Como madre y maestra esta situación me inquieta y preocupa pero, ahora más que nunca, nuestros hijos necesitan que les acompañemos en esta vuelta a las aulas con grandes dosis de seguridad, amor y serenidad. Este acompañamiento consciente les ayudará a hacer frente a un curso incierto lleno de cambios que nadie sabe cómo irá.

¿Cómo podemos brindarles nuestro apoyo y seguridad?

  1. Conozcamos bien los protocolos adoptados por el colegio de nuestros hijos para poderles anticipar todos los cambios con los que se van a encontrar: horarios modificados, entradas escalonadas, toma de temperatura antes de entrar a la clase,… Expliquémosles qué significado tiene “un grupo estable” y como va a afectar este a sus relaciones.
  2. Asegurémonos que nuestros hijos conocen las medidas higiénicas que deberán respetar; uso correcto de la mascarilla, lavado de manos y respeto de la distancia de seguridad con sus compañeros y profesores. Expliquemos todas sus dudas sin dramatismos o inseguridad.
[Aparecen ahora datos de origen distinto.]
text \<open>|R_{c1(v)}|, which is 0 if c1(v) is undefined (v a leaf of T) or not in R.\<close>
definition heavy_size :: "'a set \<Rightarrow> 'a \<Rightarrow> ('a \<Rightarrow> 'a) \<Rightarrow> ('a \<Rightarrow> 'a) \<Rightarrow> 'a set \<Rightarrow> 'a \<Rightarrow> nat" where
  "heavy_size V r par c1 S v =
     (if children V r par v = {} \<or> c1 v \<notin> S then 0 else card (rsub V par S (c1 v)))"

text \<open>(c1^^i) v is the i-th vertex of P_R(v) (vertex 0 is v).\<close>
definition onP :: "'a set \<Rightarrow> 'a \<Rightarrow> ('a \<Rightarrow> 'a) \<Rightarrow> ('a \<Rightarrow> 'a) \<Rightarrow> 'a set \<Rightarrow> 'a \<Rightarrow> nat \<Rightarrow> bool" where
  "onP V r par c1 S v i \<longleftrightarrow>
     (\<forall>j\<le>i. (c1 ^^ j) v \<in> S \<and> (j < i \<longrightarrow> children V r par ((c1 ^^ j) v) \<noteq> {}))"

definition lv :: "'a set \<Rightarrow> 'a \<Rightarrow> ('a \<Rightarrow> 'a) \<Rightarrow> ('a \<Rightarrow> 'a) \<Rightarrow> 'a set \<Rightarrow> 'a \<Rightarrow> 'a" where
  "lv V r par c1 S v = (c1 ^^ (GREATEST i. onP V r par c1 S v i)) v"

definition balanced :: "'a set \<Rightarrow> 'a \<Rightarrow> ('a \<Rightarrow> 'a) \<Rightarrow> ('a \<Rightarrow> 'a) \<Rightarrow> 'a set \<Rightarrow> real \<Rightarrow> 'a \<Rightarrow> bool" where
  "balanced V r par c1 S d w \<longleftrightarrow> real (heavy_size V r par c1 S w) \<le> real (card S) - d"

text \<open>b_d(v): first d-balanced vertex on P_R(v), None = NULL.\<close>
definition bd :: "'a set \<Rightarrow> 'a \<Rightarrow> ('a \<Rightarrow> 'a) \<Rightarrow> ('a \<Rightarrow> 'a) \<Rightarrow> 'a set \<Rightarrow> real \<Rightarrow> 'a \<Rightarrow> 'a option" where
  "bd V r par c1 S d v =
     (if \<exists>i. onP V r par c1 S v i \<and> balanced V r par c1 S d ((c1 ^^ i) v)
      then Some ((c1 ^^ (LEAST i. onP V r par c1 S v i \<and> balanced V r par c1 S d ((c1 ^^ i) v))) v)
      else None)"
locale recourse_problem =
  fixes I J :: "'a set" and d A \<theta> xd :: "'a \<Rightarrow> real" and c :: "'a \<Rightarrow> 'a \<Rightarrow> real" and C :: real
  assumes finite_I: "finite I" and J_subset: "J \<subseteq> I"
    and demand_nonneg: "\<forall>i\<in>I. 0 \<le> d i" and capacity_nonneg: "\<forall>j\<in>J. 0 \<le> A j"
    and unit_cost_nonneg: "\<forall>i\<in>I. \<forall>j\<in>J. 0 \<le> c i j" and penalty_nonneg: "0 \<le> C"
    and demand_change_nonpos: "\<forall>i\<in>I. \<theta> i \<le> 0"
    and open_binary: "\<forall>j\<in>J. xd j \<in> {0, 1}"
begin

definition recourse_value :: "('a \<Rightarrow> real) \<Rightarrow> real" where
  "recourse_value u = (INF y\<in>recourse I J d A \<theta> xd u. recourse_cost I J c C y)"

lemma recourse_cost_nonneg:
  assumes "y \<in> recourse I J d A \<theta> xd u"
  shows "0 \<le> recourse_cost I J c C y"
  using assms unit_cost_nonneg penalty_nonneg unfolding recourse_def recourse_cost_def
  by (auto intro!: add_nonneg_nonneg sum_nonneg mult_nonneg_nonneg)

lemma bdd_below_recourse_cost: "bdd_below (recourse_cost I J c C ` recourse I J d A \<theta> xd u)"
  using recourse_cost_nonneg by (rule bdd_belowI2)

lemma recourse_value_le: "y \<in> recourse I J d A \<theta> xd u \<Longrightarrow> recourse_value u \<le> recourse_cost I J c C y"
  unfolding recourse_value_def using bdd_below_recourse_cost by (rule cINF_lower)

lemma penalty_only_recourse:
  assumes "\<forall>i\<in>I. 0 \<le> u i \<and> u i \<le> 1"
  shows "(\<lambda>i j. 0, d) \<in> recourse I J d A \<theta> xd u"
proof -
  have "(1 + \<theta> i * u i) * d i \<le> d i" if "i \<in> I" for i
  proof -
    have "\<theta> i * u i * d i \<le> 0"
      using that assms demand_change_nonpos demand_nonneg
      by (simp add: mult_nonpos_nonneg)
    then show ?thesis by (simp add: algebra_simps)
  qed
  then show ?thesis
    using assms demand_nonneg capacity_nonneg open_binary J_subset unfolding recourse_def by force
qed

lemma recourse_value_convex:
  assumes u: "\<forall>i\<in>I. 0 \<le> u i \<and> u i \<le> 1" and v: "\<forall>i\<in>I. 0 \<le> v i \<and> v i \<le> 1"
    and t: "0 \<le> t" "t \<le> 1"
  shows "recourse_value (\<lambda>i. t * u i + (1 - t) * v i) \<le> t * recourse_value u + (1 - t) * recourse_value v"
  unfolding recourse_value_def
proof (rule cINF_convex_combination_le[OF _ _ bdd_below_recourse_cost bdd_below_recourse_cost
      bdd_below_recourse_cost t])
  show "recourse I J d A \<theta> xd u \<noteq> {}" "recourse I J d A \<theta> xd v \<noteq> {}"
    using penalty_only_recourse u v by blast+
next
  fix y z
  assume "y \<in> recourse I J d A \<theta> xd u" "z \<in> recourse I J d A \<theta> xd v"
  moreover obtain y1 y2 z1 z2 where yz: "y = (y1, y2)" "z = (z1, z2)"
    by fastforce
  ultimately have "(y1, y2) \<in> recourse I J d A \<theta> xd u" "(z1, z2) \<in> recourse I J d A \<theta> xd v"
    by simp_all
  from recourse_convex_combination[OF this t]
  show "\<exists>w\<in>recourse I J d A \<theta> xd (\<lambda>i. t * u i + (1 - t) * v i).
      recourse_cost I J c C w \<le> t * recourse_cost I J c C y + (1 - t) * recourse_cost I J c C z"
    unfolding yz recourse_cost_convex_combination[symmetric] by blast
qed

lemma recourse_value_quasiconvex:
  assumes "\<forall>i\<in>I. 0 \<le> u i \<and> u i \<le> 1" "\<forall>i\<in>I. 0 \<le> v i \<and> v i \<le> 1" "0 \<le> t" "t \<le> 1"
  shows "recourse_value (\<lambda>i. t * u i + (1 - t) * v i) \<le> max (recourse_value u) (recourse_value v)"
proof -
  have "t * recourse_value u + (1 - t) * recourse_value v
      \<le> t * max (recourse_value u) (recourse_value v) + (1 - t) * max (recourse_value u) (recourse_value v)"
    using assms(3,4) by (intro add_mono mult_left_mono) auto
  with recourse_value_convex[OF assms] show ?thesis
    by (simp add: algebra_simps)
qed

lemma recourse_antimono:
  assumes "\<forall>i\<in>I. 0 \<le> v i \<and> v i \<le> u i \<and> u i \<le> 1" "\<forall>j\<in>J. xd j = 1 \<longrightarrow> v j = u j"
  shows "recourse I J d A \<theta> xd v \<subseteq> recourse I J d A \<theta> xd u"
proof -
  have demand: "(1 + \<theta> i * u i) * d i \<le> (1 + \<theta> i * v i) * d i" if "i \<in> I" for i
    using that assms(1) demand_change_nonpos demand_nonneg
    by (intro mult_right_mono) (auto intro: mult_left_mono_neg)
  have capacity: "s \<le> A j * (1 - u j)" if "j \<in> J" "s \<le> A j * xd j" "s \<le> A j * (1 - v j)" for j s
  proof (cases "xd j = 1")
    case True
    with that assms(2) show ?thesis by simp
  next
    case False
    then have "xd j = 0" using that(1) open_binary by auto
    moreover have "0 \<le> A j * (1 - u j)"
      using that(1) assms(1) J_subset capacity_nonneg by auto
    ultimately show ?thesis using that(2) by simp
  qed
  show ?thesis
  proof
    fix y assume "y \<in> recourse I J d A \<theta> xd v"
    then obtain y1 y2 where y: "y = (y1, y2)" "\<forall>i\<in>I. \<forall>j\<in>J. 0 \<le> y1 i j" "\<forall>i\<in>I. 0 \<le> y2 i"
      "\<forall>i\<in>I. (1 + \<theta> i * v i) * d i \<le> (\<Sum>j\<in>J. y1 i j) + y2 i"
      "\<forall>j\<in>J. (\<Sum>i\<in>I. y1 i j) \<le> A j * xd j" "\<forall>j\<in>J. (\<Sum>i\<in>I. y1 i j) \<le> A j * (1 - v j)"
      unfolding recourse_def by blast
    have "\<forall>i\<in>I. (1 + \<theta> i * u i) * d i \<le> (\<Sum>j\<in>J. y1 i j) + y2 i"
      using demand y(4) by (meson order_trans)
    moreover have "\<forall>j\<in>J. (\<Sum>i\<in>I. y1 i j) \<le> A j * (1 - u j)"
      using capacity y(5,6) by blast
    ultimately show "y \<in> recourse I J d A \<theta> xd u"
      using y unfolding recourse_def by blast
  qed
qed

lemma recourse_value_antimono:
  assumes "\<forall>i\<in>I. 0 \<le> v i \<and> v i \<le> u i \<and> u i \<le> 1" "\<forall>j\<in>J. xd j = 1 \<longrightarrow> v j = u j"
  shows "recourse_value u \<le> recourse_value v"
proof -
  have "\<forall>i\<in>I. 0 \<le> v i \<and> v i \<le> 1"
    using assms(1) by fastforce
  then have "recourse I J d A \<theta> xd v \<noteq> {}"
    using penalty_only_recourse by blast
  from cINF_superset_mono[OF this bdd_below_recourse_cost recourse_antimono[OF assms]] show ?thesis
    unfolding recourse_value_def by blast
qed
  3. Observemos, aceptemos y gestionemos nuestras propias emociones en muchas ocasiones contradictorias. Analicemos cómo nos sentimos, cómo afrontamos este inicio de curso, qué nos inquieta. Si el miedo o la ansiedad se han apoderado de nosotros no seremos capaces de acompañar correctamente a nuestros hijos.
  4. Acompañemos y validemos cada una de sus emociones creando espacios diarios para que nuestros hijos puedan expresar cómo se sienten o qué es lo que les preocupa. Enseñémosles a reconocer sus emociones, a que las acojan y puedan hacerles frente. NO dejemos de repetirles que todo va a salir bien.
  5. En un curso con tanta incertidumbre el miedo va a estar muy presente. Ayudemos a nuestros hijos a racionalizarlo, compartirlo y soltarlo. Acompañemos las dudas e inseguridades con mimos que les reconforten, con miradas que acompañen y palabras que les empoderen.
  6. Comprendamos que nuestros hijos quizás muestren más dificultades para adaptarse de nuevo al curso escolar después de estar tanto tiempo en casa junto a nosotros. Mostrémonos empáticos y comprensivos con sus emociones, démosles el tiempo que necesiten para sentirse bien. Entendamos que quizás las primeras semanas se muestren más irascibles, demandantes o inseguros. Estemos muy atentos a las posibles señales de alarma.
  7. Anticipémosles la posibilidad que en algún momento del curso tengan que quedarse en casa cumpliendo una cuarentena por haber estado en contacto con algún alumno o profesor afectado por el Covid. Expliquémosles que después de 14 días podrán regresar al centro escolar.
  8. Expliquémosles que la situación actual nos regala la oportunidad de aprender a vivir en el “aquí y el ahora”. Enseñémosles a exprimir el presente con valentía y coraje desarrollando una actitud de obertura y aceptación. A ver el cambio como un reto, como una nueva oportunidad para vivir algo diferente, para descubrir y crecer.
  9. Mostremos confianza y colaboración con el centro escolar al que acuden nuestros pequeños. Compartamos con ellos nuestras dudas o necesidades, abramos nuevos canales de comunicación que nos permitan formar equipo en un curso escolar tan excepcional.